# Week 8 - Strings, Websites, Images, Email

This week we're going to look at some small miscellaneous stuff that's important to know but doesn't really fit anywhere in the context of the course, as well how we can use Python to interact with the Web, Images and Email. To start, let's look at some basic string manipulation

Python comes with some built in tools for string maniupulation and making our lives a bit easier - we'll look at some built in functionality along with the `re` module for Regex. Finally, we'll look at appling these to some HTML parsing to get some information from the web.

## Format Strings 

Usually when manipulating strings we've done so either using the `+` operator or just passing it in as another argument to the print function as below:

In [5]:
def say_hello():
    name = input("Please enter your name: ")
    print("Hello,", name)

say_hello()

Hello, sam


This is a fine way to do it, and works in a lot of situations, but what about formatting the string to look a bit nicer? We can use `f-strings` to format strings inline:

In [6]:
def say_hello():
    name = input("Please enter your name: ")
    print(f"Hello, {name}")

say_hello()

Hello, sam


This might look like it's just as good as the above - but it comes with some more powerful tools. Consider the following examples:

In [7]:
import math

name = "Sam Ball"
other_name = "John T. W. Smith"

# Print pi to 3dp
print(f"Pi is equal to roughly: {math.pi:.3f}")

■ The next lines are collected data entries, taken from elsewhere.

(* Let $r\ge1$ and let $\mu=\langle\mu_1,\dots,\mu_{r+1}\rangle\in\mathbb{Z}^{r+1}$ with $\mu_1+\cdots+\mu_{r+1}=0$. Then the map of the previous theorem (juggling sequence $\mapsto$ multiset of roots $\varepsilon_i-\varepsilon_{i+j}$, one for each throw at time $i$ to height $j$) is a bijection between $\mathrm{JS}(\langle\mu_1,\dots,\mu_r\rangle,\langle\mu_1+\cdots+\mu_r\rangle,r)$ and $P_{A_r}(\mu)$; in particular \[K_{A_r}(\mu)=\mathsf{js}(\langle\mu_1,\dots,\mu_r\rangle,\langle\mu_1+\cdots+\mu_r\rangle,r).\]
   Context: A (magic) juggling state is a finitely supported integer vector $\mathbf{s}=\langle s_1,s_2,\dots\rangle$ indexed by heights $1,2,\dots$ (trailing zeros omitted). A juggling sequence of length $n$ from $\mathbf{a}$ to $\mathbf{b}$ is a sequence $(\mathbf{s}_0,\dots,\mathbf{s}_n)$ with $\mathbf{s}_0=\mathbf{a}$, $\mathbf{s}_n=\mathbf{b}$, such that for each $1\le i\le n$ there are nonnegative integers $c^{(i)}_1,c^{(i)}_2,\dots$ (finitely many nonzero) with $\sum_k c^{(i)}_k=(\mathbf{s}_{i-1})_1$ and $(\mathbf{s}_i)_k=(\mathbf{s}_{i-1})_{k+1}+c^{(i)}_k$ for all $k\ge1$; $c^{(i)}_j$ is the number of throws at time $i$ to height $j$. $\mathrm{JS}(\mathbf{a},\mathbf{b},n)$ is the set of these, $\mathsf{js}(\mathbf{a},\mathbf{b},n)$ its cardinality. $\varepsilon_1,\dots,\varepsilon_{r+1}$ is the standard basis of $\mathbb{R}^{r+1}$, $\Phi^+_{A_r}=\{\varepsilon_i-\varepsilon_j:1\le i<j\le r+1\}$, $P_{A_r}(\mu)$ is the set of finite multisets of elements of $\Phi^+_{A_r}$ summing to $\mu$ (empty multiset allowed for $\mu=0$), and $K_{A_r}(\mu)=|P_{A_r}(\mu)|$. *)

theory Defs
  imports Main "HOL-Library.Multiset" "HOL-Library.Function_Algebras"
begin

text \<open>Juggling states: finitely supported integer vectors indexed by heights 1,2,...;
  encoded as functions nat => int with value 0 at the unused index 0.\<close>
definition jstate :: "(nat \<Rightarrow> int) \<Rightarrow> bool" where
  "jstate s \<longleftrightarrow> s 0 = 0 \<and> finite {k. s k \<noteq> 0}"

definition jstep :: "(nat \<Rightarrow> int) \<Rightarrow> (nat \<Rightarrow> int) \<Rightarrow> bool" where
  "jstep s t \<longleftrightarrow> (\<exists>c::nat \<Rightarrow> nat. c 0 = 0 \<and> finite {k. c k \<noteq> 0} \<and>
      int (sum c {k. c k \<noteq> 0}) = s 1 \<and> (\<forall>k\<ge>1. t k = s (k + 1) + int (c k)))"

definition JS :: "(nat \<Rightarrow> int) \<Rightarrow> (nat \<Rightarrow> int) \<Rightarrow> nat \<Rightarrow> (nat \<Rightarrow> int) list set" where
  "JS a b n = {ss. length ss = n + 1 \<and> ss ! 0 = a \<and> ss ! n = b \<and>
      (\<forall>s\<in>set ss. jstate s) \<and> (\<forall>i<n. jstep (ss ! i) (ss ! (i + 1)))}"

definition js :: "(nat \<Rightarrow> int) \<Rightarrow> (nat \<Rightarrow> int) \<Rightarrow> nat \<Rightarrow> nat" where
  "js a b n = card (JS a b n)"

text \<open>Vectors of Z^(r+1) (inside R^(r+1)) as functions nat => int supported on {1..r+1};
  root i j is epsilon_i - epsilon_j.\<close>
definition root :: "nat \<Rightarrow> nat \<Rightarrow> nat \<Rightarrow> int" where
  "root i j = (\<lambda>k. (if k = i then 1 else 0) - (if k = j then 1 else 0))"

definition pos_roots_A :: "nat \<Rightarrow> (nat \<Rightarrow> int) set" where
  "pos_roots_A r = {root i j | i j. 1 \<le> i \<and> i < j \<and> j \<le> r + 1}"

definition P_A :: "nat \<Rightarrow> (nat \<Rightarrow> int) \<Rightarrow> (nat \<Rightarrow> int) multiset set" where
  "P_A r \<mu> = {M. set_mset M \<subseteq> pos_roots_A r \<and> sum_mset M = \<mu>}"

definition K_A :: "nat \<Rightarrow> (nat \<Rightarrow> int) \<Rightarrow> nat" where
  "K_A r \<mu> = card (P_A r \<mu>)"

text \<open>Number of throws at time i (1 <= i <= n) to height j in the sequence ss.\<close>
definition throws :: "(nat \<Rightarrow> int) list \<Rightarrow> nat \<Rightarrow> nat \<Rightarrow> nat" where
  "throws ss i j = nat ((ss ! i) j - (ss ! (i - 1)) (j + 1))"

definition js_to_roots :: "nat \<Rightarrow> (nat \<Rightarrow> int) list \<Rightarrow> (nat \<Rightarrow> int) multiset" where
  "js_to_roots n ss = (\<Sum>i\<in>{1..n}. \<Sum>j\<in>{j. 1 \<le> j \<and> throws ss i j \<noteq> 0}.
       replicate_mset (throws ss i j) (root i (i + j)))"

definition prefix_state :: "nat \<Rightarrow> (nat \<Rightarrow> int) \<Rightarrow> nat \<Rightarrow> int" where
  "prefix_state r \<mu> = (\<lambda>k. if 1 \<le> k \<and> k \<le> r then \<mu> k else 0)"

definition single_state :: "int \<Rightarrow> nat \<Rightarrow> int" where
  "single_state m = (\<lambda>k. if k = 1 then m else 0)"

end

theory Submission
  imports Defs
begin

text \<open>A juggling sequence is determined by its throw table c(i, j), the number of throws at
  time i to height j. Starting from \<open>\<langle>\<mu>\<^sub>1, \<dots>, \<mu>\<^sub>r\<rangle>\<close> and ending in a state with
  balls at height 1 only, every ball thrown during the r steps lands by time r + 1, so only the
  cells with i + j \<le> r + 1 occur, and these correspond bijectively to the positive roots
  \<open>\<epsilon>\<^sub>i - \<epsilon>\<^sub>i\<^sub>+\<^sub>j\<close> of \<open>A\<^sub>r\<close>. The k-th coordinate of the sum of the roots of a
  table is the number of balls thrown at time k minus the number landing at time k. The
  juggling conditions say exactly that this is \<open>\<mu>\<^sub>k\<close>: for k \<le> r, the balls at height 1
  at time k - 1 are the \<open>\<mu>\<^sub>k\<close> initial ones plus those landing, and all are thrown; the
  \<open>\<mu>\<^sub>1 + \<dots> + \<mu>\<^sub>r = -\<mu>\<^sub>r\<^sub>+\<^sub>1\<close> balls of the final state are those landing at time r + 1.\<close>

lemma sum_supp_cong:
  assumes "finite A" "finite B" "\<And>x. f x \<noteq> 0 \<Longrightarrow> x \<in> A \<longleftrightarrow> x \<in> B"
  shows "sum f A = sum f B"
proof -
  have "sum f A = sum f (A \<inter> B)"
    by (rule sum.mono_neutral_right) (use assms in auto)
  also have "\<dots> = sum f B"
    by (rule sum.mono_neutral_left) (use assms in auto)
  finally show ?thesis .
qed

lemma sum_mset_sum_replicate_mset_apply:
  "sum_mset (\<Sum>a\<in>A. replicate_mset (f a) (g a)) k = (\<Sum>a\<in>A. int (f a) * g a k)"
  by (induct A rule: infinite_finite_induct) simp_all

# Print the name of a variable along with it's value (helpful for debugging!)
print(f"{name=}")

# Force padding for a number (great for tables!):
print(f"Monopoly Scores:\n{'-' * 20}")
print(f"{name:20}== £100")
print(f"{other_name:20}== £2400")

Pi is equal to roughly: 3.142
name='Sam Ball'
Monopoly Scores:
--------------------
Sam Ball            == £100
John T. W. Smith    == £2400


## The Big Scary World of Regex

Regular Expressions (or Regex) are a way of working with text that allows us to search for patterns. Some of you will find this amazing and instantly know a million places where you can use it, and others will wonder why we are talking about this at all!

These expressions look a bit scary and indecipherable, but after a little bit of work I promise you'll be able to figure out what any regular expression is looking for.

Let's start by defining the basic rules and see how they'd be put together. First, if you want to match a single character, we have some basic operations:

* `[abc]` will match a single a, b or c. `[a-m]` will match any character from a to m.
* `[^abc]` will match any character that's *not* a, b or c.
* `.` will match any character.

Then for defining *how many* of that character, we have the following basic characters:
* `*` - zero or more occurences (i.e. optional)
* `+` - one or more occurances
* `?` - zero or one occurances
* `{2}` - exactly 2 occurances (can be any number)
* `{3, 5}` - exactly 3 to 5 occurances. Leaving out the first number means 0 to the second number - leaving out the second number means "at least the first number".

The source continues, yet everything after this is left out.